_ASSIGNED TASK_
Set down exactly the lines in the records below that run from the line with "finally show ?thesis ." to the line with "1) \<ge> kval", inclusive, and nothing more.

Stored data
lemma type_walk_update_parallelogram:
  assumes wdrg: "wdrg (carrier G) A" and r: "1 \<le> r" and walk: "type_walk A r xs"
    and len: "2 \<le> length xs"
  shows "type_walk A r
    (xs[nat (k mod int (length xs)) := cyc xs (k + 1) \<otimes> (cyc xs (k - 1) \<otimes> inv (cyc xs k))])"
proof -
  let ?X = "cyc xs"
  have arc: "arc_of_type A r (?X t) (?X (t + 1))" for t using type_walk_arc[OF walk] .
  have X: "?X t \<in> carrier G" for t using arc[of t] arc_of_type_iff_tdist[OF wdrg r] by auto
  define \<delta> \<epsilon> where "\<delta> = ?X (k - 1) \<otimes> inv (?X k)" and "\<epsilon> = ?X (k + 1) \<otimes> inv (?X k)"
  have \<delta>\<epsilon>: "\<delta> \<in> carrier G" "\<epsilon> \<in> carrier G" using X by (simp_all add: \<delta>_def \<epsilon>_def)
  have shifts: "?X k \<otimes> \<delta> = ?X (k - 1)" "?X k \<otimes> \<epsilon> = ?X (k + 1)"
    "?X (k - 1) \<otimes> \<epsilon> = ?X (k + 1) \<otimes> \<delta>"
    using X by (simp_all add: \<delta>_def \<epsilon>_def m_inv_cancel m_lcomm)
  have "arc_of_type A r (?X (k - 1)) (?X (k + 1) \<otimes> \<delta>)"
    using arc_of_type_translate[OF X X \<delta>\<epsilon>(1) arc[of k]] shifts(1) by simp
  moreover have "arc_of_type A r (?X (k + 1) \<otimes> \<delta>) (?X (k + 1))"
    using arc_of_type_translate[OF X X \<delta>\<epsilon>(2) arc[of "k - 1"]] shifts(2,3) by simp
  ultimately have "type_walk A r (xs[nat (k mod int (length xs)) := ?X (k + 1) \<otimes> \<delta>])"
    by (rule type_walk_list_update[OF walk len])
  then show ?thesis by (simp add: \<delta>_def)
qed

text \<open>Both equalities come from the first part applied to \<open>xs\<close> and to the walk in which
  \<open>x\<^sub>k\<close> is replaced by the fourth vertex \<open>x\<^sub>k\<^sub>+\<^sub>1 + x\<^sub>k\<^sub>-\<^sub>1 - x\<^sub>k\<close> of the parallelogram.\<close>

lemma Pset_mid_parallelogram:
  fixes k :: int
  assumes wdrg: "wdrg (carrier G) A" and r: "1 \<le> r" and walk: "type_walk A r xs"
    and len: "4 \<le> length xs" and two: "two_step_tdist A r (length xs) L"
    and kval_le: "kval (carrier G) A L \<le> kval (carrier G) A (1, r)"
  defines "\<delta> \<equiv> cyc xs (k - 1) \<otimes> inv (cyc xs k)"
  shows "Pset (carrier G) A (1, r) (1, r) (cyc xs (k + 1) \<otimes> \<delta>) (cyc xs (k + 2))
      = Pset (carrier G) A (1, r) (1, r) (cyc xs k) (cyc xs (k + 2))"
    and "Pset (carrier G) A (1, r) (1, r) (cyc xs (k + 1) \<otimes> \<delta>) (cyc xs (k + 2))
      = (\<lambda>y. y \<otimes> \<delta>) ` Pset (carrier G) A (1, r) (1, r) (cyc xs (k + 1)) (cyc xs (k + 3))"
proof -
  let ?X = "cyc xs" and ?n = "int (length xs)"
  define z where "z = ?X (k + 1) \<otimes> \<delta>"
  define ys where "ys = xs[nat (k mod ?n) := z]"
  have X: "?X t \<in> carrier G" for t
    using type_walk_arc[OF walk, of t] arc_of_type_iff_tdist[OF wdrg r] by auto
  then have \<delta>G: "\<delta> \<in> carrier G" by (simp add: \<delta>_def)
  have k_shift: "?X k \<otimes> \<delta> = ?X (k - 1)" using X by (simp add: \<delta>_def m_inv_cancel)
  have ys_walk: "type_walk A r ys"
    using type_walk_update_parallelogram[OF wdrg r walk, of k] len
    by (simp add: ys_def z_def \<delta>_def)
  have ys_len: "3 \<le> length ys" "two_step_tdist A r (length ys) L"
    using len two by (simp_all add: ys_def)
  have upd: "cyc ys t = (if t mod ?n = k mod ?n then z else ?X t)" for t
    unfolding ys_def using len by (intro cyc_list_update) auto
  have "(k + - 1) mod ?n \<noteq> k mod ?n" "(k + 2) mod ?n \<noteq> k mod ?n" "(k + 3) mod ?n \<noteq> k mod ?n"
    using mod_add_neq[of "- 1" ?n k] mod_add_neq[of 2 ?n k] mod_add_neq[of 3 ?n k] len by auto
  then have ys_cyc: "cyc ys k = z" "cyc ys (k - 1) = ?X (k - 1)"
    "cyc ys (k + 2) = ?X (k + 2)" "cyc ys (k + 3) = ?X (k + 3)"
    by (auto simp: upd)
  have idx: "k + 1 - 2 = k - 1" "k + 1 - 1 = k" "k + 1 + 1 = k + 2" "k + 1 + 2 = k + 3"
    "k + 2 - 2 = k" "k + 2 - 1 = k + 1" "k + 2 + 1 = k + 3" by simp_all
  note part_one_xs = Pset_two_step_eq[OF wdrg r walk _ two kval_le]
  note part_one_ys = Pset_two_step_eq[OF wdrg r ys_walk ys_len kval_le]
  have "Pset (carrier G) A (r, 1) L (?X (k + 2)) (?X (k + 3))
      = Pset (carrier G) A (1, r) (1, r) z (?X (k + 2))"
    using part_one_ys(2)[of "k + 1"] unfolding idx ys_cyc .
  moreover have "Pset (carrier G) A (r, 1) L (?X (k + 2)) (?X (k + 3))
      = Pset (carrier G) A (1, r) (1, r) (?X k) (?X (k + 2))"
    using part_one_xs(2)[of "k + 1"] len unfolding idx by simp
  ultimately show "Pset (carrier G) A (1, r) (1, r) (?X (k + 1) \<otimes> \<delta>) (?X (k + 2))
      = Pset (carrier G) A (1, r) (1, r) (?X k) (?X (k + 2))"
    by (simp add: z_def)
  have "Pset (carrier G) A L (r, 1) (?X (k - 1)) z = Pset (carrier G) A (1, r) (1, r) z (?X (k + 2))"
    using part_one_ys(1)[of "k + 1"] unfolding idx ys_cyc .
  moreover have "Pset (carrier G) A L (r, 1) (?X (k - 1)) z
      = (\<lambda>y. y \<otimes> \<delta>) ` Pset (carrier G) A (1, r) (1, r) (?X (k + 1)) (?X (k + 3))"
    using Pset_translate[OF X[of k] X[of "k + 1"] \<delta>G, where i = L and j = "(r, 1)"]
      part_one_xs(1)[of "k + 2"] len k_shift unfolding idx z_def by simp
  ultimately show "Pset (carrier G) A (1, r) (1, r) (?X (k + 1) \<otimes> \<delta>) (?X (k + 2))
      = (\<lambda>y. y \<otimes> \<delta>) ` Pset (carrier G) A (1, r) (1, r) (?X (k + 1)) (?X (k + 3))"
    by (simp add: z_def)
qed

lemma Pset_mid_shift:
  assumes wdrg: "wdrg (carrier G) A" and r: "1 \<le> r" and walk: "type_walk A r xs"
    and len: "4 \<le> length xs" and two: "two_step_tdist A r (length xs) L"
    and kval_le: "kval (carrier G) A L \<le> kval (carrier G) A (1, r)"
  shows "(\<lambda>y. y \<otimes> inv (cyc xs k)) ` Pset (carrier G) A (1, r) (1, r) (cyc xs k) (cyc xs (k + 2))
    = (\<lambda>y. y \<otimes> inv (cyc xs (k + 1)))
        ` Pset (carrier G) A (1, r) (1, r) (cyc xs (k + 1)) (cyc xs (k + 3))"
proof -
  let ?X = "cyc xs" and ?P = "Pset (carrier G) A (1, r) (1, r)"
  define \<delta> where "\<delta> = ?X (k - 1) \<otimes> inv (?X k)"
  define z where "z = ?X (k + 1) \<otimes> \<delta>"
  have X: "?X t \<in> carrier G" for t
    using type_walk_arc[OF walk, of t] arc_of_type_iff_tdist[OF wdrg r] by auto
  then have \<delta>G: "\<delta> \<in> carrier G" and zG: "z \<in> carrier G" by (simp_all add: \<delta>_def z_def)
  note parallelogram = Pset_mid_parallelogram[OF assms, of k, folded \<delta>_def z_def]
  have "(\<lambda>y. y \<otimes> inv (?X k)) ` ?P (?X k) (?X (k + 2))
      = (\<lambda>y. ?X (k + 2) \<otimes> inv y) ` ?P (?X k) (?X (k + 2))"
    by (rule Pset_mid_symmetric[OF X X])
  also have "\<dots> = (\<lambda>y. ?X (k + 2) \<otimes> inv y) ` ?P z (?X (k + 2))"
    by (simp only: parallelogram(1))
  also have "\<dots> = (\<lambda>y. y \<otimes> inv z) ` ?P z (?X (k + 2))"
    by (rule Pset_mid_symmetric[OF zG X, symmetric])
  also have "\<dots> = (\<lambda>y. y \<otimes> \<delta> \<otimes> inv z) ` ?P (?X (k + 1)) (?X (k + 3))"
    by (simp only: parallelogram(2) image_image)
  also have "\<dots> = (\<lambda>y. y \<otimes> inv (?X (k + 1))) ` ?P (?X (k + 1)) (?X (k + 3))"
  proof (rule image_cong[OF refl])
    fix y assume "y \<in> ?P (?X (k + 1)) (?X (k + 3))"
    then have yG: "y \<in> carrier G" by (simp add: Pset_def)
    have "\<delta> \<otimes> inv z = inv (?X (k + 1))"
      using X \<delta>G by (simp add: z_def m_comm[of "?X (k + 1)" \<delta>] m_inv_mult_cancel)
    then show "y \<otimes> \<delta> \<otimes> inv z = y \<otimes> inv (?X (k + 1))"
      using yG \<delta>G zG by (simp add: m_assoc)
  qed
  finally show ?thesis .
qed

end

theorem lemma2p7:

  fixes V :: "'a set" and A :: "('a \<times> 'a) set" and q :: nat
    and xs :: "'a list" and a b :: nat
  assumes "wdrg V A"
    and "q \<ge> 3"
    and "type_circuit A (q - 1) xs"
    and "\<forall>ys. type_circuit A (q - 1) ys \<longrightarrow> length xs \<le> length ys"
    and "tdist A (cyc xs 0) (cyc xs 2) = (a, b)"
    and "kval V A (1, q - 1) \<ge> kval V A (a, b)"
    and "pnum V A (1, q - 1) (1, q - 1) (2, q - 2) > 0
         \<or> card {l. pnum V A (1, q - 1) (1, q - 1) l \<noteq> 0} = 1"
  shows "(\<forall>i::int.
            tdist A (cyc xs (i - 1)) (cyc xs (i + 1)) = (a, b) \<and>
            Pset V A (a, b) (q - 1, 1) (cyc xs (i - 2)) (cyc xs (i - 1))
              = Pset V A (1, q - 1) (1, q - 1) (cyc xs (i - 1)) (cyc xs (i + 1)) \<and>
            Pset V A (q - 1, 1) (a, b) (cyc xs (i + 1)) (cyc xs (i + 2))
              = Pset V A (1, q - 1) (1, q - 1) (cyc xs (i - 1)) (cyc xs (i + 1)))
       \<and> (\<forall>(G :: 'a monoid) S.
            q > 3 \<and> comm_group G \<and> carrier G = V \<and> S \<subseteq> V - {\<one>\<^bsub>G\<^esub>} \<and>
            A = {(x, y). x \<in> V \<and> y \<in> V \<and> y \<otimes>\<^bsub>G\<^esub> inv\<^bsub>G\<^esub> x \<in> S}
            \<longrightarrow> (\<forall>i::int.
                  (\<lambda>y. y \<otimes>\<^bsub>G\<^esub> inv\<^bsub>G\<^esub> (cyc xs (i - 1)))
                    ` Pset V A (1, q - 1) (1, q - 1) (cyc xs (i - 1)) (cyc xs (i + 1))
                  = (\<lambda>y. y \<otimes>\<^bsub>G\<^esub> inv\<^bsub>G\<^esub> (cyc xs i))
                    ` Pset V A (1, q - 1) (1, q - 1) (cyc xs i) (cyc xs (i + 2))))"
proof -
  have wdrg: "wdrg V A" and r: "1 \<le> q - 1" using assms(1,2) by auto
  have walk: "type_walk A (q - 1) xs" using assms(3) by (simp add: type_circuit_iff_type_walk)
  have len: "q \<le> length xs" using type_walk_length_gt[OF walk] assms(2) by simp
  obtain L where two: "two_step_tdist A (q - 1) (length xs) L"
    using minimal_type_circuit_two_step_tdist[OF wdrg assms(2,3,4,7)] by blast
  have two_step: "tdist A (cyc xs j) (cyc xs (j + 2)) = L" for j
    using two walk unfolding two_step_tdist_def by blast
  have L: "L = (a, b)" using two_step[of 0] assms(5) by simp
  have kval_le: "kval V A L \<le> kval V A (1, q - 1)" using assms(6) L by simp
  have idx: "i - 1 + 1 = i" "i - 1 + 2 = i + 1" "i - 1 + 3 = i + 2" for i :: int by simp_all
  show ?thesis
  proof (intro conjI allI impI)
    fix i :: int
    show "tdist A (cyc xs (i - 1)) (cyc xs (i + 1)) = (a, b)"
      using two_step[of "i - 1"] L unfolding idx by simp
    show "Pset V A (a, b) (q - 1, 1) (cyc xs (i - 2)) (cyc xs (i - 1))
        = Pset V A (1, q - 1) (1, q - 1) (cyc xs (i - 1)) (cyc xs (i + 1))"
      "Pset V A (q - 1, 1) (a, b) (cyc xs (i + 1)) (cyc xs (i + 2))
        = Pset V A (1, q - 1) (1, q - 1) (cyc xs (i - 1)) (cyc xs (i + 1))"
      using Pset_two_step_eq[OF wdrg r walk _ two kval_le, of i] len assms(2) L by simp_all
  next
    fix G :: "'a monoid" and S i
    assume cayley: "q > 3 \<and> comm_group G \<and> carrier G = V \<and> S \<subseteq> V - {\<one>\<^bsub>G\<^esub>} \<and>
      A = {(x, y). x \<in> V \<and> y \<in> V \<and> y \<otimes>\<^bsub>G\<^esub> inv\<^bsub>G\<^esub> x \<in> S}"
    then interpret comm_group G by blast
    interpret abelian_cayley_digraph G S A by unfold_locales (use cayley in blast)
    show "(\<lambda>y. y \<otimes>\<^bsub>G\<^esub> inv\<^bsub>G\<^esub> (cyc xs (i - 1)))
          ` Pset V A (1, q - 1) (1, q - 1) (cyc xs (i - 1)) (cyc xs (i + 1))
        = (\<lambda>y. y \<otimes>\<^bsub>G\<^esub> inv\<^bsub>G\<^esub> (cyc xs i))
          ` Pset V A (1, q - 1) (1, q - 1) (cyc xs i) (cyc xs (i + 2))"
      using Pset_mid_shift[OF _ r walk _ two, of "i - 1"] wdrg kval_le len cayley
      unfolding idx by simp
  qed
qed

end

_ANSWER BOX_
  finally show ?thesis .
qed

end

theorem lemma2p7:

  fixes V :: "'a set" and A :: "('a \<times> 'a) set" and q :: nat
    and xs :: "'a list" and a b :: nat
  assumes "wdrg V A"
    and "q \<ge> 3"
    and "type_circuit A (q - 1) xs"
    and "\<forall>ys. type_circuit A (q - 1) ys \<longrightarrow> length xs \<le> length ys"
    and "tdist A (cyc xs 0) (cyc xs 2) = (a, b)"
    and "kval V A (1, q - 1) \<ge> kval V A (a, b)"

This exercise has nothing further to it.